§ **ENTRIES SHOWN**:
· · · · · · ·

lemma bounded_clinear_add:
  "bounded_clinear f \<Longrightarrow> bounded_clinear g \<Longrightarrow> bounded_clinear (\<lambda>x. f x + g x)"
  by (simp add: bounded_clinear_iff bounded_linear_add clinear_def scaleC_add_right)

lemma bounded_clinear_scaleC: "bounded_clinear (scaleC c :: 'a::complex_inner \<Rightarrow> 'a)"
  unfolding bounded_clinear_def clinear_def
  by (auto simp: scaleC_add_right scaleC_scaleC mult.commute norm_scaleC intro!: exI[of _ "cmod c"])

lemma cinner_cadjoint:
  fixes L :: "'a::chilbert_space \<Rightarrow> 'b::complex_inner"
  assumes L: "bounded_clinear L"
  shows "cinner (L x) y = cinner x (cadjoint L y)"
proof -
  have "\<exists>z. \<forall>x. cinner (L x) y = cinner x z" for y
  proof -
    have "bounded_linear (\<lambda>x. cinner (L x) y)"
      using L by (auto simp: bounded_clinear_iff intro: bounded_linear_compose[OF cinner.bounded_linear_left])
    moreover have "cinner (L (scaleC c x)) y = c * cinner (L x) y" for c x
      using L by (simp add: bounded_clinear_def clinear_scaleC cinner_scaleC_left)
    ultimately obtain z where "\<And>x. cinner (L x) y = cinner x z"
      by (rule riesz_representation) blast+
    then show ?thesis by blast
  qed
  then obtain A where A: "\<forall>x y. cinner (L x) y = cinner x (A y)" by metis
  moreover have "B = A" if "\<forall>x y. cinner (L x) y = cinner x (B y)" for B
  proof
    fix y
    have "cinner (B y - A y) (B y - A y) = 0"
      using A that by (simp add: cinner_diff_right)
    then show "B y = A y" by (simp add: cinner_eq_zero_iff)
  qed
  ultimately have "\<forall>x y. cinner (L x) y = cinner x (cadjoint L y)"
    unfolding cadjoint_def by (rule theI)
  then show ?thesis by blast
qed

lemma cinner_cadjoint_left:
  fixes L :: "'a::chilbert_space \<Rightarrow> 'b::complex_inner"
  assumes "bounded_clinear L"
  shows "cinner (cadjoint L y) x = cinner y (L x)"
  by (metis assms cinner_cadjoint cinner_commute)

lemma sum_adjoint_self_eq_id_iff:
  fixes L1 L2 :: "'h::chilbert_space \<Rightarrow> 'h"
  assumes L1: "bounded_clinear L1" and L2: "bounded_clinear L2"
  shows "(\<lambda>x. cadjoint L1 (L1 x) + cadjoint L2 (L2 x)) = id
     \<longleftrightarrow> (\<forall>f. (norm (L1 f))\<^sup>2 + (norm (L2 f))\<^sup>2 = (norm f)\<^sup>2)"
    (is "?T = id \<longleftrightarrow> _")
proof -
  have lin1: "clinear L1" and lin2: "clinear L2"
    using L1 L2 by (simp_all add: bounded_clinear_def)
  have T: "cinner (?T x) y = cinner (L1 x) (L1 y) + cinner (L2 x) (L2 y)" for x y
    by (simp add: cinner_add_left cinner_cadjoint_left[OF L1] cinner_cadjoint_left[OF L2])
  define D where "D x y = cinner (L1 x) (L1 y) + cinner (L2 x) (L2 y) - cinner x y" for x y
  have TD: "cinner (?T x - x) y = D x y" for x y
    by (simp add: D_def T cinner_diff_left)
  have "?T = id \<longleftrightarrow> (\<forall>x y. D x y = 0)"
  proof
    assume "\<forall>x y. D x y = 0"
    then have "cinner (?T x - x) (?T x - x) = 0" for x
      by (simp add: TD)
    then show "?T = id" by (auto simp: cinner_eq_zero_iff)
  qed (simp add: fun_eq_iff flip: TD)
  also have "\<dots> \<longleftrightarrow> (\<forall>x. D x x = 0)"
  proof (intro iffI allI)
    fix x y
    assume diagonal: "\<forall>x. D x x = 0"
    show "D x y = 0"
    proof (rule sesquilinear_eq_0_if_diagonal_eq_0[of D])
      show "D (x + y) z = D x z + D y z" for x y z
        by (simp add: D_def clinear_add[OF lin1] clinear_add[OF lin2] cinner_add_left)
      show "D x (y + z) = D x y + D x z" for x y z
        by (simp add: D_def clinear_add[OF lin1] clinear_add[OF lin2] cinner_add_right)
      show "D (scaleC c x) y = c * D x y" for c x y
        by (simp add: D_def clinear_scaleC[OF lin1] clinear_scaleC[OF lin2]
            cinner_scaleC_left right_diff_distrib distrib_left)
      show "D x (scaleC c y) = cnj c * D x y" for c x y
        by (simp add: D_def clinear_scaleC[OF lin1] clinear_scaleC[OF lin2]
            cinner_scaleC_right right_diff_distrib distrib_left)
    qed (use diagonal in simp)
  qed simp
  also have "\<dots> \<longleftrightarrow> (\<forall>f. (norm (L1 f))\<^sup>2 + (norm (L2 f))\<^sup>2 = (norm f)\<^sup>2)"
  proof -
    have "D x x = complex_of_real ((norm (L1 x))\<^sup>2 + (norm (L2 x))\<^sup>2 - (norm x)\<^sup>2)" for x
      by (simp add: D_def cinner_self)
    then show ?thesis by (simp only: of_real_eq_0_iff right_minus_eq)
  qed
  finally show ?thesis .
qed

lemma pythagorean_scaleC_iff:
  fixes \<alpha> \<beta> :: complex
  assumes "\<exists>x::'a::complex_inner. x \<noteq> 0"
  shows "(\<forall>f::'a. (norm (scaleC \<alpha> f))\<^sup>2 + (norm (scaleC \<beta> f))\<^sup>2 = (norm f)\<^sup>2)
    \<longleftrightarrow> (cmod \<alpha>)\<^sup>2 + (cmod \<beta>)\<^sup>2 = 1"
proof -
  have *: "(norm (scaleC \<alpha> f))\<^sup>2 + (norm (scaleC \<beta> f))\<^sup>2 = ((cmod \<alpha>)\<^sup>2 + (cmod \<beta>)\<^sup>2) * (norm f)\<^sup>2"
    for f :: 'a
    by (simp add: norm_scaleC power_mult_distrib algebra_simps)
  obtain x :: 'a where "x \<noteq> 0" using assms by blast
  show ?thesis
    unfolding *
  proof
    assume "\<forall>f::'a. ((cmod \<alpha>)\<^sup>2 + (cmod \<beta>)\<^sup>2) * (norm f)\<^sup>2 = (norm f)\<^sup>2"
    then have "((cmod \<alpha>)\<^sup>2 + (cmod \<beta>)\<^sup>2) * (norm x)\<^sup>2 = (norm x)\<^sup>2" by blast
    moreover have "(norm x)\<^sup>2 \<noteq> 0" using \<open>x \<noteq> 0\<close> by simp
    ultimately show "(cmod \<alpha>)\<^sup>2 + (cmod \<beta>)\<^sup>2 = 1" by (simp only: mult_cancel_right2) simp
  qed simp
qed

· · · · · · ·

§ **PROBLEM STATEMENT**:
All lines from the start of the entries through the line where "by (simp add: bounded_clinear_iff" sits should be duplicated exactly, with nothing else in the output.

§ **RESPONSE**:
lemma bounded_clinear_add:
  "bounded_clinear f \<Longrightarrow> bounded_clinear g \<Longrightarrow> bounded_clinear (\<lambda>x. f x + g x)"
  by (simp add: bounded_clinear_iff bounded_linear_add clinear_def scaleC_add_right)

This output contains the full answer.